MERL is developing tactile sensors for more humanlike robotics dexterity.

MERL and MIT researchers are working to apply machine learning, collaborative robots, sensors, and vision to help robots more dexterously manipulate items such as food.

By Eugene Demaitre

· April 30, 2021

Although industrial automation has been used in food processing for decades, produce handling has been difficult for robots to do. Not only are fruits and vegetables variable in size and shape, but they must also be handled delicately to avoid bruising. Scientists have recently made progress in developing tactile sensors to enable robots to approach or surpass human-level motor skills and meet growing industry needs.

Researchers at Mitsubishi Electric Research Laboratories (MERL) have been working with the Department of Brain and Cognitive Sciences at the Massachusetts Institute of Technology on a prototype collaborative robot with tactile sensor technology. The ability to grasp, lift, and place food items without damaging them also has implications for manufacturing, healthcare and pharmaceuticals, and ultimately home robots, according to MERL.

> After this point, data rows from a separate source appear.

(* Let $s$ be a CorePolyC statement and $\ell\in\{\#t,\#f\}$. There are constants $C,d,k$ (depending only on $s$) such that for every consistent pair $(\Gamma,\Sigma)$ with $\Gamma,\ell\vdash s:\Gamma'$ and $\Sigma\vdash s\Downarrow\Sigma'$ for some $\Gamma',\Sigma'$: (1) if $\ell=\#t$, then $\mathrm{sz}(\Sigma')\mathbin{\dot-}\mathrm{sz}(\Sigma)\le C\,(\mathrm{sz}(\Sigma|_{\mathrm{dom}_I(\Gamma)})^{d}+1)$; (2) if $\ell=\#f$, then $\mathrm{sz}(\Sigma')\mathbin{\dot-}\mathrm{sz}(\Sigma)\le C\,(\mathrm{sz}(\Sigma)^{d^{k}}+1)$.
   Context: CorePolyC. Types are $\mathtt{iint},\mathtt{int},\mathtt{bool}$; $\mathsf{Int}=\{\mathtt{iint},\mathtt{int}\}$, ordered by $\mathtt{iint}\preccurlyeq\mathtt{int}$. Values are unbounded integers ($\mathbb Z$) and booleans $\#t,\#f$. A value $v$ is consistent with a type $t$ if ($v\in\mathbb Z$ and $t\in\mathsf{Int}$) or ($v$ boolean and $t=\mathtt{bool}$). Expressions: variables $x$; constants (nonempty decimal digit strings denoting natural numbers; $\mathtt{true}$, $\mathtt{false}$); operator applications $\mathtt{op}(e_1,\dots,e_m)$; parenthesized $(e)$. Operators and semantics: unary $-$ (negation); binary $+,-,/,\%$ (integer addition, subtraction, division, remainder, with division and remainder by $0$ returning $0$); $\mathtt{size}$, with $\mathtt{size}(v)=\lceil\log_2(\mathrm{abs}(v)+1)\rceil$; comparisons $\texttt{>=},\texttt{<=},\texttt{>},\texttt{<},\texttt{==},\texttt{!=}$ on integers returning booleans; boolean $\texttt{!},\texttt{\&\&},\texttt{||}$. Statements: declaration $t\ x;$; assignment $x=e;$; block $\{s_1\dots s_m\}$; conditional $\mathbf{if}(e)\ s_1\ \mathbf{else}\ s_2$; loop $\mathbf{for}(x<\mathtt{size}(e))\ s$ (loop bounds are always syntactically of the form $\mathtt{size}(e)$). Semantics (big-step). A store $\Sigma$ is a finite partial map from variables to values; $\Sigma[x\mapsto v]$ is the update. $\Sigma\vdash e\Downarrow v$: a variable $x\in\mathrm{dom}\,\Sigma$ evaluates to $\Sigma(x)$, constants to their value, $\mathtt{op}(e_1,\dots,e_m)$ to $\mathtt{op}$ applied to the values of the $e_i$. $\Sigma\vdash s\Downarrow\Sigma'$: $t\ x;$ gives $\Sigma[x\mapsto 0]$ if $t\in\mathsf{Int}$ and $\Sigma[x\mapsto\#f]$ if $t=\mathtt{bool}$; $x=e;$ (with $x\in\mathrm{dom}\,\Sigma$) gives $\Sigma[x\mapsto v]$ where $\Sigma\vdash e\Downarrow v$; a sequence or block executes its statements in order threading the store (a block returns the final store); a conditional evaluates its guard to a boolean and executes the corresponding branch; $\mathbf{for}(x<e)\ s$ evaluates $e$ once to an integer $i$, sets $\Sigma_0=\Sigma$, executes $s$ from $\Sigma_j[x\mapsto j]$ obtaining $\Sigma_{j+1}$ for $j=0,\dots,i-1$, and ends in $\Sigma_i$ (i.e. in $\Sigma$ if $i\le 0$). Type system. A typing environment $\Gamma$ is a finite partial map from variables to types; $\ell\in\{\#t,\#f\}$ is the loop indicator. Expression typing $\Gamma,\ell\vdash e:t$: a variable $x\in\mathrm{dom}\,\Gamma$ has type $\Gamma(x)$; digit literals have type $\mathtt{iint}$, $\mathtt{true},\mathtt{false}$ have type $\mathtt{bool}$; $\texttt{!},\texttt{\&\&},\texttt{||}$ take $\mathtt{bool}$ arguments to $\mathtt{bool}$; comparisons take arguments with types in $\mathsf{Int}$ to $\mathtt{bool}$; $+,-,/,\%$ take arguments with types in $\mathsf{Int}$ to their supremum under $\preccurlyeq$ ($\mathtt{iint}$ iff all arguments are $\mathtt{iint}$); $\mathtt{size}$ takes only an $\mathtt{iint}$ argument, giving $\mathtt{iint}$; parentheses preserve types. Statement typing $\Gamma,\ell\vdash s:\Gamma'$: $t\ x;$ is typable iff $x\notin\mathrm{dom}\,\Gamma$ and not($\ell=\#t$ and $t=\mathtt{iint}$), giving $\Gamma[x\mapsto t]$; $x=e;$ is typable iff $x\in\mathrm{dom}\,\Gamma$, not($\ell=\#t$ and $\Gamma(x)=\mathtt{iint}$), and $\Gamma,\ell\vdash e:t$ with $t,\Gamma(x)$ both in $\mathsf{Int}$ or both $\mathtt{bool}$, giving $\Gamma$; a sequence $s_1\dots s_m$ threads $\Gamma_0=\Gamma$, $\Gamma_{i-1},\ell\vdash s_i:\Gamma_i$, giving $\Gamma_m$; a block $\{\tilde s\}$ is typable if its sequence is, giving $\Gamma$; a conditional needs a guard of type $\mathtt{bool}$ and both branches typable under $\Gamma,\ell$, giving $\Gamma$; $\mathbf{for}(x<e)\ s$ needs $\Gamma,\ell\vdash e:\mathtt{iint}$, $x\notin\mathrm{dom}\,\Gamma$, and $\Gamma[x\mapsto\mathtt{iint}],\#t\vdash s:\Gamma'$ for some $\Gamma'$, giving $\Gamma$. A store $\Sigma$ and typing environment $\Gamma$ are consistent (form a consistent pair) if $\mathrm{dom}\,\Gamma\subseteq\mathrm{dom}\,\Sigma$ and $\Sigma(x)$ is consistent with $\Gamma(x)$ for all $x\in\mathrm{dom}\,\Gamma$. $\mathrm{dom}_I(\Gamma)=\{x\in\mathrm{dom}\,\Gamma:\Gamma(x)=\mathtt{iint}\}$ and $\Sigma|_D$ is the restriction of $\Sigma$ to $D$. Sizes: $\mathrm{sz}(v)=\lceil\log_2(\mathrm{abs}(v)+1)\rceil$ for $v\in\mathbb Z$, $\mathrm{sz}(\#t)=\mathrm{sz}(\#f)=1$, $\mathrm{sz}(\Sigma)=\max_{x\in\mathrm{dom}\,\Sigma}\mathrm{sz}(\Sigma(x))$ ($0$ if empty). $a\mathbin{\dot-}b=\max(a-b,0)$. *)

theory Defs
  imports Complex_Main
begin

type_synonym vname = string

datatype ty = IInt | TInt | TBool

definition is_int_ty :: "ty \<Rightarrow> bool" where
  "is_int_ty t \<longleftrightarrow> t = IInt \<or> t = TInt"

datatype val = VInt int | VBool bool

datatype op = Neg | Plus | Minus | Div | Mod | Size
  | Ge | Le | Gt | Lt | Eq | Neq | Not | And | Or

datatype expr =
    Var vname
  | Num nat
  | TrueC
  | FalseC
  | App op "expr list"
  | Paren expr

text \<open>For x e s represents for(x < size(e)) s: the loop bound is always size(e).\<close>
datatype stmt =
    Decl ty vname
  | Assign vname expr
  | Block "stmt list"
  | If expr stmt stmt
  | For vname expr stmt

Robotics 24/7 recently spoke with Daniel Nikovski, manager of the data analytics group; Allan Sullivan, group manager of the computer vision group; and Anthony Vetro, vice president at MERL. Each of them has years of experience in electronics, machine learning, and robotics. They explained their work in improving robotic perception for manipulation.

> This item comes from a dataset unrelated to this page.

(* Let $\mathcal{H}^1_{\mathrm{TT}}=(C,F^1,D,G)$ be a two-timescale system satisfying the Hybrid Basic Conditions, and let $(\Phi,\{H_k\}_{k=1}^\infty)$, with $H_k=(h_{s,k},h_{f,k})$, be a two-timescale asymptotic simulation of $\mathcal{H}^1_{\mathrm{TT}}$. Then $(\Phi,\{h_{f,k}\}_{k=1}^\infty)$ is an asymptotic simulation of the boundary layer system $\mathcal{H}_{\mathrm{BL}}=(C,\widetilde F,D,G)$, where $\widetilde F(x):=\{0\}\times F_f(x)$.
   Context: Hybrid inclusions. A hybrid inclusion $\mathcal H=(C,F,D,G)$ on $\mathbb R^n$ consists of sets $C,D\subset\mathbb R^n$ and set-valued maps $F,G:\mathbb R^n\rightrightarrows\mathbb R^n$, representing the dynamics $x\in C,\ \dot x\in F(x)$ and $x\in D,\ x^+\in G(x)$. $\mathcal H$ satisfies the Hybrid Basic Conditions if $C,D$ are closed; $F,G$ are outer semicontinuous and locally bounded; $F(x)$ is nonempty and convex for every $x\in C$; $G(x)$ is nonempty for every $x\in D$. Define $F_C(x):=F(x)$ if $x\in C$ and $F_C(x):=\emptyset$ otherwise, and $G_D(x):=G(x)$ if $x\in D$ and $\emptyset$ otherwise; thus $\mathrm{gph}(F_C)=\mathrm{gph}(F)\cap(C\times\mathbb R^n)$ and $\mathrm{gph}(G_D)=\mathrm{gph}(G)\cap(D\times\mathbb R^n)$. Hybrid sequences. A compact hybrid sequence domain is a set $E=\bigcup_{j=0}^{J-1}(\{k_j,\dots,k_{j+1}\}\times\{j\})\subset\mathbb Z_{\ge0}^2$ with $J\in\mathbb N$ and integers $0=k_0\le k_1\le\dots\le k_J$; a hybrid sequence domain is the union of a nondecreasing sequence of compact hybrid sequence domains; a hybrid sequence is a map $\phi$ whose domain $\mathrm{dom}\,\phi$ is a hybrid sequence domain. It is complete if its domain is unbounded, complete in the $k$-direction if the set of $k$'s occurring in its domain is unbounded, and complete in the $j$-direction if the set of $j$'s occurring is unbounded. Set $\bar\jmath_k:=\inf\{j\in\mathbb Z_{\ge0}:(k+1,j)\in\mathrm{dom}\,\phi\}$ and $\bar k_j:=\inf\{k\in\mathbb Z_{\ge0}:(k,j+1)\in\mathrm{dom}\,\phi\}$ ($\inf\emptyset=\infty$). The $\limsup$ of a sequence of points denotes its outer limit, i.e. the set of all its accumulation points. Asymptotic simulations. A sequence $\{h_k\}_{k=1}^\infty$ is admissible if $h_k>0$ for all $k$, $h_k\to0$, and $\sum_k h_k=\infty$; set $\tau_k:=\sum_{i=0}^{k-1}h_{i+1}$ ($k\in\mathbb Z_{\ge0}$) and $m(t):=\max\{k\in\mathbb Z_{\ge0}:\tau_k\le t\}$. A pair $(\phi,\{h_k\})$ is an asymptotic simulation of $\mathcal H=(C,F,D,G)$ if $\phi$ is a bounded complete hybrid sequence in $\mathbb R^n$, $\{h_k\}$ is admissible, and: (1) if $\phi$ is complete in the $k$-direction, there is a bounded sequence $\{f_k\}_{k=0}^\infty\subset\mathbb R^n$ with $\limsup_{k\to\infty}(\phi(k,\bar\jmath_k),f_k)\subset\mathrm{gph}(F_C)$ and, with $\hat f_{k+1}:=(\phi(k+1,\bar\jmath_k)-\phi(k,\bar\jmath_k))/h_{k+1}$, for every $T>0$: $\lim_{n\to\infty}\sup_{n+1\le k\le m(\tau_n+T)}\big|\sum_{i=n}^{k-1}h_{i+1}(\hat f_{i+1}-f_i)\big|=0$; (2) if $\phi$ is complete in the $j$-direction, $\limsup_{j\to\infty}(\phi(\bar k_j,j),\phi(\bar k_j,j+1))\subset\mathrm{gph}(G_D)$. Two-timescale setting. Let $n=n_s+n_f$ and write $x=(x_s,x_f)\in\mathbb R^{n_s}\times\mathbb R^{n_f}$. The two-timescale system $\mathcal H^1_{\mathrm{TT}}=(C,F^1,D,G)$ has $C,D\subset\mathbb R^n$, $F_s:\mathbb R^n\rightrightarrows\mathbb R^{n_s}$, $F_f:\mathbb R^n\rightrightarrows\mathbb R^{n_f}$, $F^1(x):=F_s(x_s,x_f)\times F_f(x_s,x_f)$, and $G:\mathbb R^n\rightrightarrows\mathbb R^n$. A sequence $\{H_k\}_{k=1}^\infty$, $H_k=(h_{s,k},h_{f,k})\in\mathbb R^2_{>0}$, is two-timescale admissible if $\{h_{s,k}\}$ and $\{h_{f,k}\}$ are each admissible and $\lim_{k\to\infty}h_{s,k}/h_{f,k}=0$. For $r\in\{s,f\}$ set $\tau_{r,k}:=\sum_{i=0}^{k-1}h_{r,i+1}$, $m_r(t):=\max\{k\in\mathbb Z_{\ge0}:\tau_{r,k}\le t\}$, and $\mathcal I_{r,n,T}:=\{k\in\mathbb Z_{\ge0}:n+1\le k\le m_r(\tau_{r,n}+T)\}$. A pair $(\Phi,\{H_k\})$ is a two-timescale asymptotic simulation of $\mathcal H^1_{\mathrm{TT}}$ if $\Phi=(\phi_s,\phi_f)$ is a bounded complete hybrid sequence in $\mathbb R^n$, $\{H_k\}$ is two-timescale admissible, and: (1) if $\Phi$ is complete in the $k$-direction, there is a bounded sequence $f_k=(f_{s,k},f_{f,k})\in\mathbb R^{n_s}\times\mathbb R^{n_f}$, $k\ge0$, with $\limsup_{k\to\infty}(\Phi(k,\bar\jmath_k),f_k)\subset\mathrm{gph}(F^1_C)$ and, with $\hat f_{r,k+1}:=(\phi_r(k+1,\bar\jmath_k)-\phi_r(k,\bar\jmath_k))/h_{r,k+1}$, for every $T>0$ and each $r\in\{s,f\}$: $\lim_{n\to\infty}\sup_{k\in\mathcal I_{r,n,T}}\big|\sum_{i=n}^{k-1}h_{r,i+1}(\hat f_{r,i+1}-f_{r,i})\big|=0$; (2) if $\Phi$ is complete in the $j$-direction, $\limsup_{j\to\infty}(\Phi(\bar k_j,j),\Phi(\bar k_j,j+1))\subset\mathrm{gph}(G_D)$. *)

theory Defs
  imports "HOL-Analysis.Analysis"
begin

Augmenting visual perception

“Our origins were in motors and linkages, and it was a natural progression to the robotics space,” said Sullivan. “We were working on computer vision, and as we try to move to more diverse applications, we'd like to have robots manipulate objects in a more humanlike fashion. For example, robots need the capability to do complex things, like blind grasping in a high cabinet, which humans can do with their sense of touch. We can feel the pose, adjust grasp, and adjust for slipping better than robots.”

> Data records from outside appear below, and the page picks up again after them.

(* Let $0<\epsilon<1$ and $0<\delta<1$. There exists a verification operator $\Omega$ for $|\Psi\rangle$ with $F(1,\delta,\Omega)\ge1-\epsilon$ (i.e. the target state can be verified within infidelity $\epsilon$ and significance level $\delta$ in the adversarial scenario using a single test, with no restriction on the accessible measurements) iff $$\delta(1-\epsilon)\le\max\{2-2\sqrt{1-\delta}-\delta,\;2\delta-1\},$$ or equivalently iff $$\delta\ge\min\Big\{\frac{4(1-\epsilon)}{(2-\epsilon)^2},\frac{1}{1+\epsilon}\Big\}=\begin{cases}\frac{1}{1+\epsilon},&0<\epsilon\le\frac45,\\ \frac{4(1-\epsilon)}{(2-\epsilon)^2},&\frac45\le\epsilon<1.\end{cases}$$
   Context: Let $\mathcal H$ be a Hilbert space of finite dimension $D\ge2$ and $|\Psi\rangle\in\mathcal H$ a unit vector. A verification operator for $|\Psi\rangle$ is a Hermitian operator $\Omega$ on $\mathcal H$ with $0\le\Omega\le1$, $\Omega|\Psi\rangle=|\Psi\rangle$, whose eigenvalue $1$ is nondegenerate. For $N=1$ and a density operator $\rho$ on $\mathcal H^{\otimes2}$ put $p_\rho=\mathrm{tr}[(\Omega\otimes1)\rho]$, $f_\rho=\mathrm{tr}[(\Omega\otimes|\Psi\rangle\langle\Psi|)\rho]$, and $F(1,\delta,\Omega)=\min\{f_\rho/p_\rho:p_\rho\ge\delta\}$, the minimum over permutation-invariant density operators on $\mathcal H^{\otimes2}$. *)

theory Defs
  imports Complex_Main "Jordan_Normal_Form.Matrix"
begin

text \<open>The Hilbert space H is C^D, vectors are complex vec of dimension D,
operators on H are D x D complex matrices, operators on H (x) H are
(D*D) x (D*D) complex matrices with the standard Kronecker index convention.\<close>

definition mtrace :: "complex mat \<Rightarrow> complex" where
  "mtrace A = (\<Sum>i<dim_row A. A $$ (i, i))"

Some cobots have cameras mounted near the end-of-arm tooling (EOAT) or even inside the grippers. Why not just rely on vision?

“Putting a camera inside the gripper takes a whole computer to calculate—simpler is always better,” Sullivan replied. “To train spatial sense to be similar to vision, we realized that we needed to augment visual perception with tactile. This involves both our computer vision and data analytics groups.”

“We've been using a range of sensors,” said Vetro. “Alan's group was using pressure sensors, and Daniel's group was using sensors with MIT. We've seen cameras to look at depth deformations inside soft grippers.”

“From a machine learning point of view, when we develop advanced robotics applications, we need to process a lot of sensory data,” added Nikovski. “Proprioceptive sensing at the wrist is used in all types of applications that require contact. This affects Mitsubishi's business in a big way. Without contact, third-generation pick-and-place operations require hard programming and a teach pendant.”

MERL tactile sensors

Source: Mitsubishi Electric Research Laboratories

MERL applies machine learning

MERL's research includes the use of machine learning to reduce the cost of deployment as well as to improve robotic manipulation, said Nikovski.

“As soon as you need to react to sensory data in real time, it becomes complicated and expensive,” he said. “While the cost of robotics hardware has gone down dramatically—from $1 million to that of a car—programming is still ridiculously expensive. The market won't grow until we reduce that hurdle.”

“There has been a lot of excitement recently about reinforcement learning, with things like AlphaGo,” Nikovski said. “We had some success applying it to robotics and had a demonstration at CEATEC in Japan two years ago with different manipulators. Most actual applications that our customers care about can't be solved through trial and error.”

“Another type of machine learning is learning from demonstration,” he explained. “This is where cobots come in. In the future, the fastest, most natural way to teach robots to do something is kinesthetic. The challenge is the ability to generalize. Replicating one example is easy, but what if the parts are in different positions?”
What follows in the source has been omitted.